A unique record of Notable and Ancient Trees in Britain and Ireland

The Tree Register News Archive 2006

Punica granatum at East Bergholt in Suffolk

Tender Trees Project

During 2006 Dr Owen Johnson surveyed tree collections and gardens to identify species generally considered to be tender or half hardy, but now appear to be thriving happily.

His report will be available towards the end of the year.
Photo - Punica granatum at East Bergholt in Suffolk
Is this our most easterly Pomegranate?

Tallest Wild Cherry

Tallest Wild Cherry

The tallest Wild Cherry have been measured at Belvoir Castle, Leicestershire, the ancestral home of the Duke and Duchess of Rutland for one thousand years.

Details on the members news page.

Scotland loses one of its great heritage trees at Newbattle Abbey

Heritage Tree Falls

Scotland loses one of its great heritage trees at Newbattle Abbey.

Report from Donald Rodger on the Members News page.

Photo: Copyright Donald Rodger 2006

Magnolia spotting produces a new champion at the Valley Gardens Windsor

Magnolia spotting produces a new champion at the Valley Gardens Windsor

Tree Register member Bryan Roebuck took advantage of an exceptionally good year so far for Magnolia, visiting the RHS Gardens at Wisley and the Valley Gardens, Windsor. Thanks to his keen eye we have a new champion in the superb Valley Gardens for a relatively new species for British gardens, Magnolia cylindrica. Details on the members database.

The tree was planted in 1984 from seed received by Roy Lancaster wild collected in Zhejiang Province, China via. Shanghai Botanic Garden.

The Crown Estate are proposing fencing in the Valley Gardens (currently open public access) and charging an entrance fee. For details go to the Valley Gardens Action Group web site www.valleygardens.org.uk
Photo: Magnolia cylindrica (Copyright© Philippe de Spoelberch www.magnoliasociety.org)

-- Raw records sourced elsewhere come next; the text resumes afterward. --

lemma countable_chain_condition_if_sigma_principal:
  assumes "sigma_principal M \<mu>"
  shows "countable_chain_condition M \<mu>"
  unfolding countable_chain_condition_def
proof (intro allI impI)
  fix F assume "F \<subseteq> M" and disj: "disjoint F" and non_null: "\<forall>A\<in>F. \<not> negligible M \<mu> A"
  let ?I = "{A\<in>M. \<exists>G\<subseteq>F. countable G \<and> A \<subseteq> \<Union>G}"
  obtain L where "L \<in> ?I" and L: "\<forall>S\<in>?I. negligible M \<mu> (S - L)"
    using assms[unfolded sigma_principal_def, rule_format, OF sigma_ideal_countably_covered[of F]]
    by blast
  then obtain G where G: "G \<subseteq> F" "countable G" "L \<subseteq> \<Union>G" by blast
  have "F \<subseteq> G"
  proof
    fix S assume "S \<in> F"
    then have "S \<in> ?I" using \<open>F \<subseteq> M\<close> by (intro CollectI conjI exI[of _ "{S}"]) auto
    show "S \<in> G"
    proof (rule ccontr)
      assume "S \<notin> G"
      then have "S \<inter> \<Union>G = {}"
        using disj \<open>S \<in> F\<close> G(1) by (fastforce simp: disjnt_def dest: pairwiseD)
      then have "S - L = S" using G(3) by blast
      moreover have "negligible M \<mu> (S - L)" using L \<open>S \<in> ?I\<close> by blast
      ultimately show False using non_null \<open>S \<in> F\<close> by simp
    qed
  qed
  then show "countable F" using G(2) countable_subset by blast
qed
text \<open>The two halves are the walk and anti-walk theorems.\<close>

theorem mainTheorem1:
  fixes \<Gamma> :: "('a \<times> 'a) set" and \<Omega> :: "'a set"
  assumes "\<Gamma> \<subseteq> \<Omega> \<times> \<Omega>"
  shows "(\<forall>a :: nat \<Rightarrow> 'a. is_walk \<Gamma> a \<and> (\<forall>v. finite {i. a i = v}) \<longrightarrow>
            (\<exists>f r. strict_mono f \<and> r = a \<circ> f \<and> is_ray \<Gamma> r \<and>
               (\<forall>\<Sigma>. \<Sigma> \<subseteq> range a \<and> infinite \<Sigma> \<longrightarrow>
                  reach_preceq \<Gamma> (range r) \<Sigma> \<and> reach_preceq \<Gamma> \<Sigma> (range r))))
       \<and> (\<forall>a :: nat \<Rightarrow> 'a. is_anti_walk \<Gamma> a \<and> (\<forall>v. finite {i. a i = v}) \<longrightarrow>
            (\<exists>f r. strict_mono f \<and> r = a \<circ> f \<and> is_anti_ray \<Gamma> r \<and>
               (\<forall>\<Sigma>. \<Sigma> \<subseteq> range a \<and> infinite \<Sigma> \<longrightarrow>
                  reach_preceq \<Gamma> (range r) \<Sigma> \<and> reach_preceq \<Gamma> \<Sigma> (range r))))"
  by (intro conjI allI impI; elim conjE; rule walk_ray_linked anti_walk_anti_ray_linked)

end
text \<open>A discrete divergence theorem: by the flow rule every vertex other than
the root passes on exactly what it receives, so only the source term survives.\<close>
lemma flow_rule_sum_incident_edges:
  assumes tree: "locally_finite_rooted_tree E rt" and flow: "flow_rule E rt r q"
    and "finite S" and vanish: "\<And>v. v \<notin> S \<Longrightarrow> P v = 0"
  shows "(\<Sum>(x, y)\<in>incident_edges E S. r x y * (P y - P x)) = - q * P rt"
proof -
  have finite_D: "finite (incident_edges E S)"
    by (rule finite_incident_edges[OF tree \<open>finite S\<close>])
  have "(\<Sum>(x, y)\<in>incident_edges E S. r x y * P y) = (\<Sum>(x, y)\<in>{p\<in>E. snd p \<in> S}. r x y * P y)"
    using vanish by (intro sum.mono_neutral_right[OF finite_D]) (fastforce simp: incident_edges_def)+
  moreover have "(\<Sum>(x, y)\<in>incident_edges E S. r x y * P x) = (\<Sum>(x, y)\<in>{p\<in>E. fst p \<in> S}. r x y * P x)"
    using vanish by (intro sum.mono_neutral_right[OF finite_D]) (fastforce simp: incident_edges_def)+
  ultimately have "(\<Sum>(x, y)\<in>incident_edges E S. r x y * (P y - P x)) =
      (\<Sum>y\<in>S - {rt}. out_rate E r y * P y) - (\<Sum>x\<in>S. out_rate E r x * P x)"
    by (simp add: right_diff_distrib sum_subtractf case_prod_unfold
        sum_edges_into[OF tree flow, unfolded case_prod_unfold]
        sum_edges_out_of[OF tree \<open>finite S\<close>, unfolded case_prod_unfold])
  also have "\<dots> = - out_rate E r rt * P rt"
    using \<open>finite S\<close> vanish by (cases "rt \<in> S") (simp_all add: sum.remove[of S rt])
  finally show ?thesis
    using flow by (simp add: flow_rule_def)
qed
(* Assume the setting in the context (including conditions (1) and (2) on $\theta_i$) with $\gamma\le1$. Let $\epsilon,\eta\ge0$ and suppose $\tilde x\in\tilde{\mathcal{X}}$ is an $\epsilon$-PNE of $\tilde\Gamma$ satisfying the $\eta$-stability condition with respect to a generator profile $(Z(i,\tilde x))_i$, where $Z(i,\tilde x)=\{x_i^1,\dots,x_i^{d+1}\}$ with corresponding weights $\alpha(i,\tilde x)=(\alpha_i^l)_{l=1}^{d+1}$. Let the players choose random actions $X_i$ independently, with $\mathbb{P}(X_i=x_i^l)=\alpha_i^l$. Then for every $i\in N$, $$\mathbb{E}[f_i(X_i,X_{-i})]\le\mathbb{E}[f_i(x_i,X_{-i})]+\check\epsilon\quad\text{for all }x_i\in\mathcal{X}_i,$$ where $\check\epsilon=\epsilon+\eta+2H\big(\frac{(\sqrt n+1)M\Delta}{n}\big)^\gamma$; i.e. this profile of mixed strategies is an $\check\epsilon$-mixed Nash equilibrium of $\Gamma$.
   Context: Setting: $N=\{1,\dots,n\}$; for each $i$, $\mathcal{X}_i\subset\mathbb{R}^d$ nonempty, closed, bounded, with diameter $\le\Delta$; $\tilde{\mathcal{X}}_i=\operatorname{conv}(\mathcal{X}_i)$; $\tilde{\mathcal{X}}=\prod_i\tilde{\mathcal{X}}_i$, $\tilde{\mathcal{X}}_{-i}=\prod_{j\ne i}\tilde{\mathcal{X}}_j$. $A_j$ real $q\times d$ matrices with $\|A_j\|_2\le M$. $\Omega\subset\mathbb{R}^q$ a neighborhood of $\{\frac1n\sum_jA_jy_j:y_j\in\tilde{\mathcal{X}}_j\}$; $\theta_i:\mathcal{X}_i\times\Omega\to\mathbb{R}$ with (1) $\theta_i(\cdot,y)$ lower semicontinuous on $\mathcal{X}_i$, (2) $|\theta_i(x_i,y')-\theta_i(x_i,y)|\le H\|y'-y\|^\gamma$ for all $i,x_i,y,y'$ ($H,\gamma>0$). Game $\Gamma$ costs: $f_i(x_i,x_{-i})=\theta_i(x_i,\frac1n\sum_jA_jx_j)$, $x_i\in\mathcal{X}_i$, $x_{-i}\in\tilde{\mathcal{X}}_{-i}$. Convexified game $\tilde\Gamma$: action sets $\tilde{\mathcal{X}}_i$, costs $\tilde f_i(x_i,x_{-i})=\inf\{\sum_{k=1}^{d+1}\alpha^kf_i(z^k,x_{-i}):\alpha\in\mathcal{S}_d,z^k\in\mathcal{X}_i,x_i=\sum_k\alpha^kz^k\}$ ($\mathcal{S}_d$ the probability simplex of $\mathbb{R}^{d+1}$). A generator for $(i,x)$ is a set $Z(i,x)=\{z^1,\ldots,z^{d+1}\}\subset\mathcal{X}_i$ with weights $\alpha(i,x)\in\mathcal{S}_d$ attaining this infimum. An $\epsilon$-PNE of $\tilde\Gamma$: $x\in\tilde{\mathcal{X}}$ with $\tilde f_i(x_i,x_{-i})\le\tilde f_i(y_i,x_{-i})+\epsilon$ for all $i$, $y_i\in\tilde{\mathcal{X}}_i$. $\eta$-stability with respect to $(Z(i,x))_i$: $\tilde f_i(y_i,x_{-i})\le\tilde f_i(x_i,x_{-i})+\eta$ for all $i$, $y_i\in Z(i,x)$. *)

theory Defs
  imports "HOL-Analysis.Analysis"
begin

National Trust champion trees

National Trust champion trees

If you are a member of the National Trust you could be looking at many champion trees this summer. 56 NT properties have at least one champion tree and many more have notable specimens.

Top 10 sites to visit:

  1. Bodnant, Conwy, Wales
  2. Nymans, West Sussex, England
  3. Rowallane, Co. Down, Northern Ireland
  4. Winkworth Arboretum, Surrey, England
  5. Stourhead, Wiltshire, England
  6. Mount Stewart, Co. Down, Northern Ireland
  7. Killerton Gardens, Devon, England
  8. Tatton Park, Cheshire, England
  9. Plas Newydd, Anglesey, Wales
  10. Sheffield Park Garden, East Sussex, England

Tree Register members can check champion trees on the members database or receive details of notable trees on specific properties on request by email.
Photo: Specimen Silver Hedgehog Holly at the National Trust's Melford Hall, Suffolk (Copyright Tree Register 2005)

Champion Cedar

Champion Cedar

Steven Falk, Senior Keeper of Natural History at the Warwickshire Museum, sent in this photo of a Cedar of Lebanon at Compton Verney near Wellesbourne, Warwickshire.

Unmeasurable as a single stem its huge volume of multiple stems and low branches measures an impressive 10.85m just above ground level.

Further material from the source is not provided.